Go on a thought experiment with me.  What’s “normal” in psychiatry?  Are we always supposed to be happy?  Is life always supposed to be smooth?  Only in the world of advertising and on TV is life easy and all problems are resolved in 27 minutes – plus commercials.  (In fact, those products and services in those commercials are placed there to imply using/buying them are your way to get and always be happy.)

 

 

So: “Normal” Doesn’t Equal “Always Happy”

 

We might hypothesize that life is, instead, always in motion – and emotional states are impermanent.  It isn’t always a beautiful day.  The job doesn’t always go well.  We don’t always get the girl (or boy, or non-binary person) at the end of the story.  To meet life’s challenges, we have a range of emotions.  If there’s a danger, we’re supposed to be frightened.  When things are unknown, anxiety is there to give us the extra energy to illuminate the situation and to solve the problem.  When things are unfair, anger adds what we need to confront the injustice and move the needle toward fairness.  Pain gets us out of situations that are harmful. 

 

 

What’s Not “Normal” is When Distress Causes Functional Impairment

 

In fact, the definition of a psychiatric disorder can be summarized as an expression of distress, in the realms of emotions, cognitions or behavior, that causes significant functional impairment in the domains of home, work and play. It is not better explained by a common cultural belief or behavior, or a conflict between the individual and the society.  It is not better explained by another medical condition. 

 

Now, expressions of distress are not psychiatric disorders by themselves.  How much distress?  How much impairment is caused?  And is it caused by something that would cause anyone distress (e.g., bereavement)?  Is it something that if the stressor were removed, the distress would resolve (e.g., chronic pain)? Is the response something that is so magnified and sustained as to be crushing? How does it harm your relationships or your ability to work, to be a partner or spouse, or to be a parent? 

 

 

Working Toward the “Reasonable” Response

In psychiatry, we have the awe-inspiring and terrifying work of helping a patient figure out how a patient in this polyglot society figures out the normal that works for them, their families, and the community they want to inhabit. 

 

Part of that task is to figure out: what are reasonable responses to life inputs? Then, we help patients develop the skills to meet those inputs with reasonable responses.  Reasonable is a key word here, and it’s about balance. For example, touch a stove and you’ll burn.  However, if you spend your life terrified of stoves, you’ll miss the joy of cooking.  Another example: go on a date with someone you love, the kiss should be joyful.  But if you are (as I was) depressed and anxiety-ridden, I felt nothing but worry.   (Don’t worry, today, the kisses are splendid!)

 

 

The Role of Medication: Easing the Hyperactive Response

 

Medication softens and loosens up those hyperactive responses.  It makes the stories we tell much more interesting and nuanced.  For example:

“Ow, accidentally touched that hot pot, but boy you should see the pasta sauce I made!”

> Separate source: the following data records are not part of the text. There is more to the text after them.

(* Let $A\in\mathscr R$ be fixed and let $V_1,V_2$ be distributions supported in $[0,\infty)^d$. Suppose $V_1\in\mathcal S_A$ and $V_2(xA)=o[V_1(xA)]$. Then $V_1*V_2(xA)\sim V_1(xA)$ as $x\to\infty$, and $V_1*V_2\in\mathcal S_A$.
   Context: $\mathscr R$: open, increasing ($\mathbf z\in A,\mathbf y\in[0,\infty)^d\Rightarrow\mathbf z+\mathbf y\in A$) sets $A\subsetneq\mathbb R^d$ with convex complement and $\mathbf 0\notin\overline A$. For $V$ on $[0,\infty)^d$, $\mathbf Z\sim V$: $V(xA)=\mathbf P(\mathbf Z\in xA)$, $V_A$ the distribution of $\sup\{u:\mathbf Z\in uA\}$; $V\in\mathcal S_A$ iff $V_A$ is subexponential ($\overline{V_A^{n*}}(x)\sim n\overline{V_A}(x)$, $n\ge2$). $V_1*V_2$ is the distribution of $\mathbf Z^{(1)}+\mathbf Z^{(2)}$ for independent $\mathbf Z^{(i)}\sim V_i$, and $V_1*V_2\in\mathcal S_A$ means $(V_1*V_2)_A$ is subexponential. *)

theory Defs
  imports "HOL-Probability.Probability" "HOL-Library.Landau_Symbols"
begin

definition orthant :: "(real ^ 'd) set" where
  "orthant = {z. \<forall>i. 0 \<le> z $ i}"

definition increasing_set :: "(real ^ 'd) set \<Rightarrow> bool" where
  "increasing_set A \<longleftrightarrow> (\<forall>z\<in>A. \<forall>y\<in>orthant. z + y \<in> A)"

definition class_R :: "(real ^ 'd) set \<Rightarrow> bool" where
  "class_R A \<longleftrightarrow> open A \<and> increasing_set A \<and> A \<noteq> UNIV \<and> convex (- A) \<and> 0 \<notin> closure A"

definition distr_orthant :: "(real ^ 'd) measure \<Rightarrow> bool" where
  "distr_orthant V \<longleftrightarrow> prob_space V \<and> sets V = sets borel \<and> emeasure V (- orthant) = 0"

definition conv :: "('a::euclidean_space) measure \<Rightarrow> 'a measure \<Rightarrow> 'a measure" where
  "conv M N = distr (M \<Otimes>\<^sub>M N) borel (\<lambda>(x, y). x + y)"

fun conv_pow :: "('a::euclidean_space) measure \<Rightarrow> nat \<Rightarrow> 'a measure" where
  "conv_pow F 0 = return borel 0"
| "conv_pow F (Suc n) = conv F (conv_pow F n)"

definition radial_sup :: "(real ^ 'd) set \<Rightarrow> real ^ 'd \<Rightarrow> real" where
  "radial_sup A z = (if {u. 0 < u \<and> z \<in> (\<lambda>a. u *\<^sub>R a) ` A} = {} then 0
                     else Sup {u. 0 < u \<and> z \<in> (\<lambda>a. u *\<^sub>R a) ` A})"

definition V_A :: "(real ^ 'd) set \<Rightarrow> (real ^ 'd) measure \<Rightarrow> real measure" where
  "V_A A V = distr V borel (radial_sup A)"

definition tail :: "real measure \<Rightarrow> real \<Rightarrow> real" where
  "tail F x = measure F {x<..}"

definition subexponential :: "real measure \<Rightarrow> bool" where
  "subexponential F \<longleftrightarrow> prob_space F \<and> sets F = sets borel \<and> emeasure F {..<0} = 0 \<and>
     (\<forall>x. tail F x > 0) \<and>
     (\<forall>n\<ge>2. (\<lambda>x. tail (conv_pow F n) x) \<sim>[at_top] (\<lambda>x. real n * tail F x))"

definition S_A :: "(real ^ 'd) set \<Rightarrow> (real ^ 'd) measure \<Rightarrow> bool" where
  "S_A A V \<longleftrightarrow> subexponential (V_A A V)"

end

theory Submission
  imports Defs
begin

text \<open>
  Write \<open>F\<close>, \<open>G\<close> and \<open>W\<close> for the laws of the radial functional
  \<open>sup {u. Z \<in> uA}\<close> under \<open>V\<^sub>1\<close>, \<open>V\<^sub>2\<close> and \<open>V\<^sub>1 * V\<^sub>2\<close>, so that
  \<open>V(xA)\<close> is the tail of the corresponding law at \<open>x > 0\<close>. Since the complement of
  \<open>A\<close> is convex the radial functional is subadditive, and since \<open>A\<close> is increasing it
  grows along the orthant; hence \<open>tail F \<le> tail W \<le> tail (F * G)\<close>.

  The one-dimensional closure property of a subexponential \<open>F\<close> -- if
  \<open>tail G / tail F \<rightarrow> c\<^sub>1\<close> and \<open>tail H / tail F \<rightarrow> c\<^sub>2\<close> then
  \<open>tail (G * H) / tail F \<rightarrow> c\<^sub>1 + c\<^sub>2\<close> -- gives \<open>tail (F * G) \<sim> tail F\<close>, hence
  \<open>tail W \<sim> tail F\<close>, and applied to the convolution powers of \<open>W\<close> it shows that
  \<open>W\<close> is subexponential. The closure property needs only the case \<open>n = 2\<close>: the
  tail of \<open>G * H\<close> is bounded below by three disjoint events, and above after splitting
  off the event that both summands lie in \<open>(v, x - v]\<close>, whose mass is negligible by
  subexponentiality; long-tailedness of \<open>F\<close> absorbs the shift by \<open>v\<close>.
\<close>

section \<open>Distributions on the half line\<close>

definition distr_nonneg :: "real measure \<Rightarrow> bool" where
  "distr_nonneg F \<longleftrightarrow> prob_space F \<and> sets F = sets borel \<and> emeasure F {..<0} = 0"

lemma distr_nonneg_real_distribution: "distr_nonneg F \<Longrightarrow> real_distribution F"
  by (simp add: distr_nonneg_def real_distribution_def real_distribution_axioms_def)

context real_distribution
begin

lemma tail_eq_1_minus_cdf: "tail M x = 1 - cdf M x"
proof -
  have "{x<..} = space M - {..x}" by auto
  then show ?thesis using prob_compl[of "{..x}"] by (simp add: tail_def cdf_def2)
qed

lemma tail_antimono: "x \<le> y \<Longrightarrow> tail M y \<le> tail M x"
  using cdf_nondecreasing by (simp add: tail_eq_1_minus_cdf)

lemma tail_tendsto_0: "(tail M \<longlongrightarrow> 0) at_top"
  using tendsto_diff[OF tendsto_const cdf_lim_at_top_prob, of 1]
  by (simp add: tail_eq_1_minus_cdf[abs_def])

lemma measure_Ioc_eq_tail_diff: "a \<le> b \<Longrightarrow> measure M {a<..b} = tail M a - tail M b"
  using cdf_diff_eq[of a b] by (cases "a = b") (auto simp: tail_eq_1_minus_cdf)

end

lemma measure_atLeast_0:
  assumes "distr_nonneg F"
  shows "measure F {0..} = 1"
proof -
  interpret real_distribution F using assms by (rule distr_nonneg_real_distribution)
  have "measure F {..<0} = 0" using assms by (simp add: distr_nonneg_def measure_def)
  moreover have "{0..} = space F - {..<0::real}" by auto
  ultimately show ?thesis using prob_compl[of "{..<0}"] by simp
qed

lemma measure_atLeastAtMost_0:
  assumes "distr_nonneg F" "0 \<le> v"
  shows "measure F {0..v} = 1 - tail F v"
proof -
  interpret real_distribution F using assms by (intro distr_nonneg_real_distribution)
  have "{0..v} = {0..} - {v<..}" using assms(2) by auto
  moreover have "{v<..} \<subseteq> {0..}" using assms(2) by auto
  ultimately show ?thesis
    using measure_atLeast_0[OF assms(1)] by (simp add: finite_measure_Diff tail_def)
qed

lemma measurable_add_pair:
  fixes M N :: "'a::euclidean_space measure"
  assumes [measurable_cong]: "sets M = sets borel" "sets N = sets borel"
  shows "(\<lambda>(x, y). x + y) \<in> measurable (M \<Otimes>\<^sub>M N) borel"
  by measurable

lemma sets_pair_borel_Collect:
  fixes M :: "'a::topological_space measure" and N :: "'b::topological_space measure"
  assumes "sets M = sets borel" "sets N = sets borel" "Measurable.pred (borel \<Otimes>\<^sub>M borel) P"
  shows "{p. P p} \<in> sets (M \<Otimes>\<^sub>M N)"
  using assms by (simp add: pred_def space_pair_measure cong: sets_pair_measure_cong)

lemma measure_pair_Times:
  assumes "prob_space M" "prob_space N" "A \<in> sets M" "B \<in> sets N"
  shows "measure (M \<Otimes>\<^sub>M N) (A \<times> B) = measure M A * measure N B"
proof -
  interpret N: prob_space N by fact
  show ?thesis
    using N.emeasure_pair_measure_Times[of A M B] assms by (simp add: measure_def enn2real_mult)
qed

lemma prob_space_conv:
  fixes M N :: "'a::euclidean_space measure"
  assumes "prob_space M" "prob_space N" "sets M = sets borel" "sets N = sets borel"
  shows "prob_space (conv M N)"
  unfolding conv_def
  by (rule prob_space.prob_space_distr[OF prob_space_pair measurable_add_pair]) (use assms in auto)

lemma measure_conv:
  fixes M N :: "'a::euclidean_space measure"
  assumes "sets M = sets borel" "sets N = sets borel" "B \<in> sets borel"
  shows "measure (conv M N) B = measure (M \<Otimes>\<^sub>M N) {p. fst p + snd p \<in> B}"
proof -
  have "space (M \<Otimes>\<^sub>M N) = UNIV"
    using sets_eq_imp_space_eq[OF assms(1)] sets_eq_imp_space_eq[OF assms(2)]
    by (simp add: space_pair_measure)
  then show ?thesis
    unfolding conv_def using assms
    by (subst measure_distr[OF measurable_add_pair]) (auto intro!: arg_cong[where f="measure _"])
qed

lemma tail_conv:
  assumes "sets G = sets borel" "sets H = sets borel"
  shows "tail (conv G H) x = measure (G \<Otimes>\<^sub>M H) {p. x < fst p + snd p}"
  using measure_conv[OF assms, of "{x<..}"] by (simp add: tail_def)

lemma distr_nonneg_conv:
  assumes G: "distr_nonneg G" and H: "distr_nonneg H"
  shows "distr_nonneg (conv G H)"
proof -
  have sets: "sets G = sets borel" "sets H = sets borel"
    and prob: "prob_space G" "prob_space H" using G H by (simp_all add: distr_nonneg_def)
  interpret P: prob_space "G \<Otimes>\<^sub>M H" using prob by (rule prob_space_pair)
  have neg: "measure G {..<0} = 0" "measure H {..<0} = 0"
    using G H by (simp_all add: distr_nonneg_def measure_def)
  have Times: "{..<0} \<times> UNIV \<in> sets (G \<Otimes>\<^sub>M H)" "UNIV \<times> {..<0} \<in> sets (G \<Otimes>\<^sub>M H)"
    using sets by auto
  have "measure (G \<Otimes>\<^sub>M H) {p. fst p + snd p \<in> {..<0}}
          \<le> measure (G \<Otimes>\<^sub>M H) ({..<0} \<times> UNIV \<union> UNIV \<times> {..<0})"
    using Times by (intro P.finite_measure_mono) auto
  also have "\<dots> \<le> measure (G \<Otimes>\<^sub>M H) ({..<0} \<times> UNIV) + measure (G \<Otimes>\<^sub>M H) (UNIV \<times> {..<0})"
    using Times by (rule measure_Un_le)
  also have "\<dots> = 0"
    using neg sets by (simp add: measure_pair_Times prob)
  finally have neg_conv: "measure (conv G H) {..<0} = 0"
    using measure_conv[OF sets, of "{..<0}"] measure_nonneg[of "G \<Otimes>\<^sub>M H" "{p. fst p + snd p < 0}"]
    by simp
  interpret C: prob_space "conv G H" using prob sets by (rule prob_space_conv)
  show ?thesis using neg_conv
    by (simp add: distr_nonneg_def C.prob_space_axioms C.emeasure_eq_measure) (simp add: conv_def)
qed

 “Wow, went out in that group of strangers… it wasn’t so bad and I had a great conversation with someone.” 

“Those voices that usually tell me that everyone hates me and I should fear them were actually much nicer to me today.  Maybe I’m okay after all.” 

“Got on the plane, I didn’t panic… wonder why I was panicking in the first place?”

 

It's not going to make a breakup happy – it shouldn’t, breakups should hurt.  It’s not going to make that dog trying to bite you less scary.  But it can help us differentiate the one dangerous dog from all of the ones that are friendly or neutral. 

 

 

Medication + Therapy: Crafting New Stories, Enabling New Responses

 

Therapy more effectively helps us craft new stories about the world that are better and more resilient.  Combined with medication, the ideal result is that we can tolerate more distress and tolerate more joy.  Mostly, we just feel better.  And that is a very good result indeed.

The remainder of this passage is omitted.